The user interface is divided into two columns: one for uploading PDF files and the other for selecting tasks and models. The layout is created using Streamlit's column feature. It also includes custom CSS for a modern and intuitive look.

col1, col2 = st.columns(2)

with col1:
    st.markdown("<h2>📂 Upload PDF(s)</h2>", unsafe_allow_html=True)
    pdf_files = st.file_uploader("Upload PDF(s)", accept_multiple_files=True, type=['pdf'], label_visibility="collapsed")

with col2:
    st.markdown("<h2>🔧 Choose Action</h2>", unsafe_allow_html=True)
    action = st.selectbox(
        "Choose the action you want to perform:",
        ("Summarize", "Translate", "Ask a Question")
    )

    model_choice = st.selectbox(
        "Choose the model to use:",
        ("Llama 3.1", "Llama 2", "Mistral", "CodeLlama")
    )

2. Model Selection

The language model is initialized based on the user's selection. Options include "Llama 3.1", "Llama 2", "Mistral", and "CodeLlama". These models are loaded using the Ollama class, which points to a local server for inference.

if model_choice == "Llama 3.1":
    llm = Ollama(model="llama3.1", base_url="http://localhost:11434")
elif model_choice == "Llama 2":
    llm = Ollama(model="llama2", base_url="http://localhost:11434")
elif model_choice == "Mistral":
    llm = Ollama(model="mistral", base_url="http://localhost:11434")
elif model_choice == "CodeLlama":
    llm = Ollama(model="codellama", base_url="http://localhost:11434")

3. PDF Upload and Processing

Once the user uploads PDF files, they are stored temporarily and processed. The content is split into manageable chunks using the load_and_split_pdfs function. This ensures that the application can handle large documents efficiently.

if pdf_files:
    st.markdown("<h2>🛠 Processing PDFs...</h2>", unsafe_allow_html=True)

    pdf_paths = []
    with tempfile.TemporaryDirectory() as temp_dir:
        for pdf_file in pdf_files:
            temp_pdf_path = f"{temp_dir}/{pdf_file.name}"
            with open(temp_pdf_path, "wb") as f:
                f.write(pdf_file.read())
            pdf_paths.append(temp_pdf_path)

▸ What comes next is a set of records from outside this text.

(* There are absolute constants $\bar c>0$ such that if $c_1,c_2\le\bar c$ (e.g. $c_1=c_2=\frac1{200}$), the concentration conditions (CC) hold at $\mathbf{x}_t$ with constants $c_1,c_2$, $c_3\in[0,1)$, and $\mathbf{\Delta}_t$ satisfies the Case 2 requirement (namely, whenever $\|\mathbf{\Delta}_t^\star\|\ge\frac12\sqrt{\epsilon/\rho}$, $\tilde m_t(\mathbf{\Delta}_t)\le\tilde m_t(\mathbf{\Delta}_t^\star)+\frac{c_3}{12}\rho\|\mathbf{\Delta}_t^\star\|^3$), and $\mathbf{x}_t+\mathbf{\Delta}_t^\star$ is not an $\epsilon$-second-order stationary point of $f$, then $m_t(\mathbf{x}_t+\mathbf{\Delta}_t)-m_t(\mathbf{x}_t)\le-\frac{1-c_3}{96}\sqrt{\epsilon^3/\rho}$.
   Context: $f:\mathbb{R}^d\to\mathbb{R}$ twice differentiable with $\rho$-Lipschitz Hessian (spectral norm); $\epsilon>0$. $\epsilon$-second-order stationary point: $\|\nabla f(\mathbf{x})\|\le\epsilon$ and $\lambda_{\min}(\nabla^2 f(\mathbf{x}))\ge-\sqrt{\rho\epsilon}$. (CC) at $\mathbf{x}_t$ with constants $c_1,c_2$: vector $\mathbf{g}_t$ and symmetric matrix $\mathbf{B}_t$ with $\|\mathbf{g}_t-\nabla f(\mathbf{x}_t)\|\le c_1\epsilon$ and $\|(\mathbf{B}_t-\nabla^2 f(\mathbf{x}_t))\mathbf{v}\|\le c_2\sqrt{\rho\epsilon}\|\mathbf{v}\|$ for all $\mathbf{v}$. Cubic model: $m_t(\mathbf{y})=f(\mathbf{x}_t)+(\mathbf{y}-\mathbf{x}_t)^\top\mathbf{g}_t+\frac12(\mathbf{y}-\mathbf{x}_t)^\top\mathbf{B}_t(\mathbf{y}-\mathbf{x}_t)+\frac\rho6\|\mathbf{y}-\mathbf{x}_t\|^3$, $\tilde m_t(\mathbf{\Delta})=m_t(\mathbf{x}_t+\mathbf{\Delta})-f(\mathbf{x}_t)$, and $\mathbf{\Delta}_t^\star$ a global minimizer of $\tilde m_t$. *)

theory Defs
  imports "HOL-Analysis.Analysis"
begin

definition is_eigenvalue :: "real^'n^'n \<Rightarrow> real \<Rightarrow> bool" where
  "is_eigenvalue A l \<longleftrightarrow> (\<exists>v. v \<noteq> 0 \<and> A *v v = l *\<^sub>R v)"

text \<open>Smallest eigenvalue (used for symmetric matrices, where it exists).\<close>
definition lambda_min :: "real^'n^'n \<Rightarrow> real" where
  "lambda_min A = Inf {l. is_eigenvalue A l}"

definition is_eps_sosp ::
  "(real^'n \<Rightarrow> real^'n) \<Rightarrow> (real^'n \<Rightarrow> real^'n^'n) \<Rightarrow> real \<Rightarrow> real \<Rightarrow> real^'n \<Rightarrow> bool" where
  "is_eps_sosp grad H \<rho> \<epsilon> x \<longleftrightarrow> norm (grad x) \<le> \<epsilon> \<and> lambda_min (H x) \<ge> - sqrt (\<rho> * \<epsilon>)"

definition cubic_model ::
  "(real^'n \<Rightarrow> real) \<Rightarrow> real^'n \<Rightarrow> real^'n \<Rightarrow> real^'n^'n \<Rightarrow> real \<Rightarrow> real^'n \<Rightarrow> real" where
  "cubic_model f x g B \<rho> y =
     f x + (y - x) \<bullet> g + 1/2 * ((y - x) \<bullet> (B *v (y - x))) + \<rho> / 6 * norm (y - x) ^ 3"

definition cubic_model_shift ::
  "(real^'n \<Rightarrow> real) \<Rightarrow> real^'n \<Rightarrow> real^'n \<Rightarrow> real^'n^'n \<Rightarrow> real \<Rightarrow> real^'n \<Rightarrow> real" where
  "cubic_model_shift f x g B \<rho> D = cubic_model f x g B \<rho> (x + D) - f x"

end

theory Submission
  imports Defs
begin

text \<open>
  A global minimiser D* of the cubic model satisfies g + B D* + (rho/2) |D*| D* = 0 and
  B + (rho/2) |D*| I >= 0, and these two conditions give m(D*) <= - rho |D*|^3 / 12.
  If |D*| were smaller than sqrt(eps/rho)/2, the same two conditions, the accuracy of g and B
  and the Lipschitz Hessian would make x + D* an eps-second-order stationary point.
  Hence |D*| >= sqrt(eps/rho)/2, and the Case 2 requirement yields
  m(D) <= - (1 - c3) rho |D*|^3 / 12 <= - (1 - c3) sqrt(eps^3/rho) / 96.
\<close>

lemma perturbed_nonneg_imp_nonneg:
  fixes q a b :: real
  assumes "\<And>t. t > 0 \<Longrightarrow> 0 \<le> q + t * a + t\<^sup>2 * b"
  shows "0 \<le> q"
proof (rule tendsto_lowerbound)
  show "((\<lambda>t. q + t * a + t\<^sup>2 * b) \<longlongrightarrow> q) (at_right 0)"
    by (auto intro!: tendsto_eq_intros)
  show "\<forall>\<^sub>F t in at_right 0. 0 \<le> q + t * a + t\<^sup>2 * b"
    using assms by (auto simp: eventually_at_right_less eventually_at_right_field intro: exI[of _ 1])
qed simp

    docs = load_and_split_pdfs(pdf_paths)

4. Task Execution

The application then performs the task selected by the user. Depending on the task, it either summarizes, translates, or answers questions related to the document's content. The processing is handled in the background using ThreadPoolExecutor, allowing for concurrent processing of multiple PDFs.

def process_document(doc):
    try:
        if action == "Summarize":
            summary = summarize_document(summary_chain, doc.page_content)
            return {"Result": summary}
        elif action == "Translate":
            summary = summarize_document(summary_chain, doc.page_content)
            translation = translate_text(translation_chain, summary)
            return {"Result": translation}
        elif action == "Ask a Question" and question:
            answer = answer_question(question_chain, question, doc.page_content)
            return {"Result": answer}
        else:
            return {"Result": "No valid input provided."}
    except Exception as e:
        return {"Result": f"Error: {str(e)}"}

5. Displaying Results

Once the documents have been processed, the results are displayed in expandable sections, allowing the user to view the output for each PDF. This keeps the interface clean and organized, especially when multiple documents are being processed.

for i, result in enumerate(results):
    with st.expander(f"Document {i + 1} - Result"):
        st.write(result["Result"])

Summary

In summary, the main.py script provides a complete workflow for processing PDF documents using different language models. It enables summarization, translation, and question-answering, offering a user-friendly interface through Streamlit, while leveraging powerful language models for natural language processing tasks.